WHEREAS, each Entity is desirous of using certain Marks in order
to
promote brand name recognition and customer
loyalty.
NOW, THEREFORE, in consideration of the foregoing and of the
mutual
promises hereinafter set forth, the parties
agree as follows:
1. Grant
of License. The Bank grants to each Entity a
nonexclusive, nontransferable, royalty-free
license to use the Marks in
connection with each Entity's marketing of
its products including, but not
limited to, the use of Marks on letterhead,
business cards, and other forms of
advertising. Each Entity accepts the
license subject to the following terms and
conditions.
2.
Ownership of Marks.

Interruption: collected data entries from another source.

lemma negative_binomial_identity:
  fixes a b :: "'a::comm_ring_1"
  assumes "a + b = 1"
  shows "b^Suc Q * (\<Sum>k\<le>P. of_nat (Q + k choose k) * a^k)
       + a^Suc P * (\<Sum>k\<le>Q. of_nat (P + k choose k) * b^k) = 1"
proof -
  have a: "a = 1 - b" using assms by (simp add: algebra_simps)
  show ?thesis
  proof (induction P)
    case 0
    show ?case using one_diff_power_eq[of b "Suc Q"]
      by (simp add: a lessThan_Suc_atMost) (metis add.commute diff_add_cancel)
  next
    case (Suc P)
    define B where "B P' = (\<Sum>k\<le>Q. of_nat (P' + k choose k) * b^k)" for P'
    define X where "X = (\<Sum>k<Q. of_nat (Suc P + k choose k) * b^k)"
    define c where "c = (of_nat (Suc P + Q choose Q) :: 'a)"
    have "B (Suc P) = X + c * b^Q"
      unfolding B_def X_def c_def by (simp flip: lessThan_Suc_atMost)
    moreover have "B P = B (Suc P) - b * X"
      using sum_binomial_shift_diff[where b=b and P=P and Q=Q] unfolding B_def X_def
      by (simp add: algebra_simps)
    moreover have "of_nat (Q + Suc P choose Suc P) = c"
      unfolding c_def by (metis add.commute binomial_symmetric add_diff_cancel_left' le_add2)
    ultimately have step: "b^Suc Q * of_nat (Q + Suc P choose Suc P) + a * B (Suc P) = B P"
      by (simp add: a algebra_simps)
    have "b^Suc Q * (\<Sum>k\<le>Suc P. of_nat (Q + k choose k) * a^k) + a^Suc (Suc P) * B (Suc P)
       = b^Suc Q * (\<Sum>k\<le>P. of_nat (Q + k choose k) * a^k)
         + a^Suc P * (b^Suc Q * of_nat (Q + Suc P choose Suc P) + a * B (Suc P))"
      by (simp add: algebra_simps)
    also have "\<dots> = 1" unfolding step unfolding B_def by (rule Suc)
    finally show ?case unfolding B_def .
  qed
qed

lemma choose_complement_shift:
  assumes "i \<le> p" "1 \<le> q"
  shows "(p + q - 1 - i) choose (q - 1) = (q - 1 + (p - i)) choose (p - i)"
  using assms binomial_symmetric[of "p - i" "q - 1 + (p - i)"] by (simp add: add.commute)

definition pf_coeff :: "nat \<Rightarrow> nat \<Rightarrow> nat \<Rightarrow> real" where
  "pf_coeff p q i = real ((p + q - 1 - i) choose (q - 1))"

text \<open>With s = x + y, \<open>pf_part p q s x\<close> consists of the terms of the partial fraction
  expansion of 1/(x^p y^q) that have a pole at x = 0.\<close>

definition pf_part :: "nat \<Rightarrow> nat \<Rightarrow> real \<Rightarrow> real \<Rightarrow> real" where
  "pf_part p q s x = (\<Sum>i=1..p. pf_coeff p q i / (s^(p + q - i) * x^i))"

lemma pf_part_eq_binomial_sum:
  assumes "x \<noteq> 0" "s \<noteq> 0" "1 \<le> p" "1 \<le> q"
  shows "pf_part p q s x = (\<Sum>k\<le>p - 1. real (q - 1 + k choose k) * (x/s)^k) / (s^q * x^p)"
proof -
  have "pf_coeff p q i / (s^(p + q - i) * x^i)
      = real (q - 1 + (p - i) choose (p - i)) * (x/s)^(p - i) / (s^q * x^p)"
    if i: "i \<in> {1..p}" for i
  proof -
    have "x^p = x^(p - i) * x^i" using i by (simp flip: power_add)
    moreover have "s^(p + q - i) = s^q * s^(p - i)" using i by (simp add: add.commute flip: power_add)
    moreover have "pf_coeff p q i = real (q - 1 + (p - i) choose (p - i))"
      using i assms choose_complement_shift[of i p q] unfolding pf_coeff_def by simp
    ultimately show ?thesis using assms by (simp add: field_simps)
  qed
  then show ?thesis
    unfolding pf_part_def sum_divide_distrib
    by (intro sum.reindex_bij_witness[of _ "\<lambda>k. p - k" "\<lambda>i. p - i"]) (use assms in auto)
qed

lemma partial_fractions:
  fixes x y :: real
  assumes "x \<noteq> 0" "y \<noteq> 0" "x + y \<noteq> 0" "1 \<le> p" "1 \<le> q"
  shows "1 / (x^p * y^q) = pf_part p q (x + y) x + pf_part q p (x + y) y"
proof -
  obtain P Q where P: "p = Suc P" and Q: "q = Suc Q"
    using assms by (metis Suc_pred' less_eq_Suc_le One_nat_def)
  define s where "s = x + y"
  have s: "s \<noteq> 0" using assms s_def by simp
  have "x/s + y/s = 1" using s unfolding s_def by (simp add: add_divide_distrib[symmetric])
  from negative_binomial_identity[OF this, where P=P and Q=Q]
  have "1 / (x^p * y^q) = ((y/s)^q * (\<Sum>k\<le>P. real (Q + k choose k) * (x/s)^k)
       + (x/s)^p * (\<Sum>k\<le>Q. real (P + k choose k) * (y/s)^k)) / (x^p * y^q)"
    by (simp add: P Q)
  also have "\<dots> = (\<Sum>k\<le>P. real (Q + k choose k) * (x/s)^k) / (s^q * x^p)
       + (\<Sum>k\<le>Q. real (P + k choose k) * (y/s)^k) / (s^p * y^q)"
    using assms s by (simp add: field_simps power_divide)
  also have "\<dots> = pf_part p q s x + pf_part q p s y"
    using assms s by (simp add: pf_part_eq_binomial_sum P Q)
  finally show ?thesis unfolding s_def .
qed

section \<open>Sums of inverse powers\<close>

lemma has_sum_sum:
  fixes f :: "'i \<Rightarrow> 'a \<Rightarrow> 'b::topological_comm_monoid_add"
  assumes "finite I" "\<And>i. i \<in> I \<Longrightarrow> (f i has_sum s i) A"
  shows "((\<lambda>x. \<Sum>i\<in>I. f i x) has_sum (\<Sum>i\<in>I. s i)) A"
  using assms by (induction I rule: finite_induct) (simp_all add: has_sum_add)

lemma has_sum_diff:
  fixes f g :: "'a \<Rightarrow> 'b::topological_ab_group_add"
  assumes "(f has_sum a) A" "(g has_sum b) A"
  shows "((\<lambda>x. f x - g x) has_sum (a - b)) A"
proof -
  have "((\<lambda>x. - g x) has_sum - b) A" using assms(2) by (simp add: has_sum_uminus)
  from has_sum_add[OF assms(1) this] show ?thesis by simp
qed

lemma has_sum_zeta_nat_Suc:
  assumes "2 \<le> k"
  shows "((\<lambda>n::nat. 1 / real (Suc n) ^ k) has_sum zeta_nat k) UNIV"
proof (rule sums_nonneg_imp_has_sum)
  have "summable (\<lambda>n::nat. 1 / real (Suc n) ^ k)"
    using inverse_power_summable[OF assms] summable_Suc_iff[of "\<lambda>n. inverse (real n ^ k)"]
    by (simp add: divide_inverse)
  then show "(\<lambda>n::nat. 1 / real (Suc n) ^ k) sums zeta_nat k"
    using assms unfolding zeta_nat_def by (simp add: summable_sums)
qed simp

lemma has_sum_zeta_nat:
  assumes "2 \<le> k"
  shows "((\<lambda>n::nat. 1 / real n ^ k) has_sum zeta_nat k) {1..}"
  using has_sum_zeta_nat_Suc[OF assms]
  by (subst (asm) has_sum_reindex_bij_witness[where j=Suc and i="\<lambda>n. n - 1" and T="{1..}"]) auto

lemma has_sum_diff_shift:
  fixes f :: "nat \<Rightarrow> real"
  assumes "f \<longlonglongrightarrow> 0" "decseq f"
  shows "((\<lambda>n. f n - f (n + a)) has_sum (\<Sum>k<a. f k)) UNIV"
proof (rule sums_nonneg_imp_has_sum)
  have "(\<lambda>n. f (n + k) - f (Suc (n + k))) sums f k" for k
    using telescope_sums'[OF LIMSEQ_ignore_initial_segment[OF assms(1), of k]] by simp
  then have "(\<lambda>n. \<Sum>k<a. f (n + k) - f (Suc (n + k))) sums (\<Sum>k<a. f k)"
    by (rule sums_sum)
  moreover have "(\<Sum>k<a. f (n + k) - f (Suc (n + k))) = f n - f (n + a)" for n
    using sum_lessThan_telescope'[of "\<lambda>k. f (n + k)" a] by simp
  ultimately show "(\<lambda>n. f n - f (n + a)) sums (\<Sum>k<a. f k)" by simp
  show "0 \<le> f n - f (n + a)" for n
    using decseqD[OF assms(2), of n "n + a"] by simp
qed

text \<open>For i = 1 the value \<open>zeta_nat 1\<close> is junk, but its factor 1 + (-1)^i vanishes.\<close>

definition row_sum :: "nat \<Rightarrow> nat \<Rightarrow> real" where
  "row_sum i u = (1 + (-1)^i) * zeta_nat i - (1 + 1/2^i) / real u^i"

lemma sum_row_below_diagonal:
  assumes "1 \<le> u"
  shows "(\<Sum>v\<in>{1..<u}. 1/(real u - real v)^i + 1/(real u + real v)^i)
       = (\<Sum>k<2*u. 1/real (Suc k)^i) - 1/real u^i - 1/(2*real u)^i"
proof -
  define F where "F k = 1/real k^i" for k :: nat
  have below: "(\<Sum>v\<in>{1..<u}. 1/(real u - real v)^i) = (\<Sum>k\<in>{1..<u}. F k)"
    unfolding F_def
    by (rule sum.reindex_bij_witness[of _ "\<lambda>k. u - k" "\<lambda>v. u - v"]) (auto simp: of_nat_diff)
  have above: "(\<Sum>v\<in>{1..<u}. 1/(real u + real v)^i) = (\<Sum>k\<in>{Suc u..<2*u}. F k)"
    unfolding F_def
    by (rule sum.reindex_bij_witness[of _ "\<lambda>k. k - u" "\<lambda>v. u + v"]) auto
  have "(\<Sum>k<2*u. 1/real (Suc k)^i) = (\<Sum>k\<in>{1..<Suc (2*u)}. F k)"
    unfolding F_def by (rule sum.reindex_bij_witness[of _ "\<lambda>k. k - 1" Suc]) auto
  also have "\<dots> = (\<Sum>k\<in>{1..<u}. F k) + (\<Sum>k\<in>{u..<Suc (2*u)}. F k)"
    using assms by (simp add: sum.atLeastLessThan_concat)
  also have "(\<Sum>k\<in>{u..<Suc (2*u)}. F k) = F u + (\<Sum>k\<in>{Suc u..<2*u}. F k) + F (2*u)"
    using assms by (simp add: sum.atLeast_Suc_lessThan sum.atLeastLessThan_Suc)
  finally show ?thesis using below above by (simp add: F_def sum.distrib)
qed
(* Let $\mathcal{N}$ be one of $\mathcal{M}_\times$, $\mathcal{M}_\Sigma$, $\mathcal{M}$. If $\mathcal{N}\perp\Sigma$ and $\mathcal{N}\perp\mathsf{L}E$, then $\mathcal{N}\perp E$.
   Context: $\mathcal{E}$ is a locally cartesian closed category with a dominance: a class of monos (the $\Sigma$-monos) closed under pullback, identities and composition, classified by $\top:1\to\Sigma$. $\mathsf{L}E=\sum_{\phi:\Sigma}E^\phi$ is the associated partial map classifier. For a mono $m:I\to J$, $m\perp E$ means every map $I\to E$ extends uniquely along $m$; $\mathcal{N}\perp E$ means $m\perp E$ for all $m\in\mathcal{N}$. Given a class $\mathcal{M}$ of monos, $\mathcal{M}_\times$ is the smallest class of monos containing $\mathcal{M}$ and stable under products (with arbitrary objects), and $\mathcal{M}_\Sigma$ is the smallest class of monos containing $\mathcal{M}_\times$ and stable under pullback along $\Sigma$-monos. *)

theory Defs
  imports Main
begin

record ('o, 'a) cat =
  Ob   :: "'o set"
  Ar   :: "'a set"
  dom  :: "'a \<Rightarrow> 'o"
  cod  :: "'a \<Rightarrow> 'o"
  comp :: "'a \<Rightarrow> 'a \<Rightarrow> 'a"   (* comp C g f = g o f *)
  idt  :: "'o \<Rightarrow> 'a"

definition hom :: "('o, 'a) cat \<Rightarrow> 'o \<Rightarrow> 'o \<Rightarrow> 'a set" where
  "hom C X Y = {f \<in> Ar C. dom C f = X \<and> cod C f = Y}"

definition category :: "('o, 'a) cat \<Rightarrow> bool" where
  "category C \<longleftrightarrow>
     (\<forall>f \<in> Ar C. dom C f \<in> Ob C \<and> cod C f \<in> Ob C) \<and>
     (\<forall>X \<in> Ob C. idt C X \<in> hom C X X) \<and>
     (\<forall>f g X Y Z. f \<in> hom C X Y \<longrightarrow> g \<in> hom C Y Z \<longrightarrow> comp C g f \<in> hom C X Z) \<and>
     (\<forall>f X Y. f \<in> hom C X Y \<longrightarrow> comp C f (idt C X) = f \<and> comp C (idt C Y) f = f) \<and>
     (\<forall>f g h W X Y Z. f \<in> hom C W X \<longrightarrow> g \<in> hom C X Y \<longrightarrow> h \<in> hom C Y Z \<longrightarrow>
        comp C h (comp C g f) = comp C (comp C h g) f)"

definition mono :: "('o, 'a) cat \<Rightarrow> 'a \<Rightarrow> bool" where
  "mono C m \<longleftrightarrow> m \<in> Ar C \<and>
     (\<forall>g h X. g \<in> hom C X (dom C m) \<longrightarrow> h \<in> hom C X (dom C m) \<longrightarrow>
        comp C m g = comp C m h \<longrightarrow> g = h)"

definition terminal :: "('o, 'a) cat \<Rightarrow> 'o \<Rightarrow> bool" where
  "terminal C T \<longleftrightarrow> T \<in> Ob C \<and> (\<forall>X \<in> Ob C. \<exists>!u. u \<in> hom C X T)"

definition is_pullback :: "('o, 'a) cat \<Rightarrow> 'a \<Rightarrow> 'a \<Rightarrow> 'a \<Rightarrow> 'a \<Rightarrow> bool" where
  "is_pullback C f g p q \<longleftrightarrow>
     f \<in> Ar C \<and> g \<in> Ar C \<and> p \<in> Ar C \<and> q \<in> Ar C \<and>
     cod C f = cod C g \<and> dom C p = dom C q \<and>
     cod C p = dom C f \<and> cod C q = dom C g \<and>
     comp C f p = comp C g q \<and>
     (\<forall>P' p' q'. p' \<in> hom C P' (dom C f) \<longrightarrow> q' \<in> hom C P' (dom C g) \<longrightarrow>
        comp C f p' = comp C g q' \<longrightarrow>
        (\<exists>!u. u \<in> hom C P' (dom C p) \<and> comp C p u = p' \<and> comp C q u = q'))"

definition is_product :: "('o, 'a) cat \<Rightarrow> 'o \<Rightarrow> 'o \<Rightarrow> 'o \<Rightarrow> 'a \<Rightarrow> 'a \<Rightarrow> bool" where
  "is_product C X Y P p1 p2 \<longleftrightarrow>
     p1 \<in> hom C P X \<and> p2 \<in> hom C P Y \<and>
     (\<forall>Z a b. a \<in> hom C Z X \<longrightarrow> b \<in> hom C Z Y \<longrightarrow>
        (\<exists>!u. u \<in> hom C Z P \<and> comp C p1 u = a \<and> comp C p2 u = b))"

Each Entity acknowledges the ownership of
the Marks as those belonging to the Bank
and agrees that it will do nothing
inconsistent with such ownership and that
all use of the Marks by the Entity
shall inure to the benefit of and be on
behalf of the Bank. Each Entity agrees
that nothing in this Agreement shall give
it any right, title or interest in the
Marks other than the right to use the Marks
in accordance with this Agreement
and the Entity agrees that it will not
attack the title of the Bank to the Marks
or attack the validity of this
Agreement.
3. Quality
Standards; Form of Use. Each Entity agrees that the
nature and quality of all goods sold by it
under the Marks shall be of a high
quality consistent with each Entity's
current product line. The Entity agrees
that all related advertising, promotional
and other uses of the Marks by it
including appropriate legends, and shall
conform to any of the Bank guidelines.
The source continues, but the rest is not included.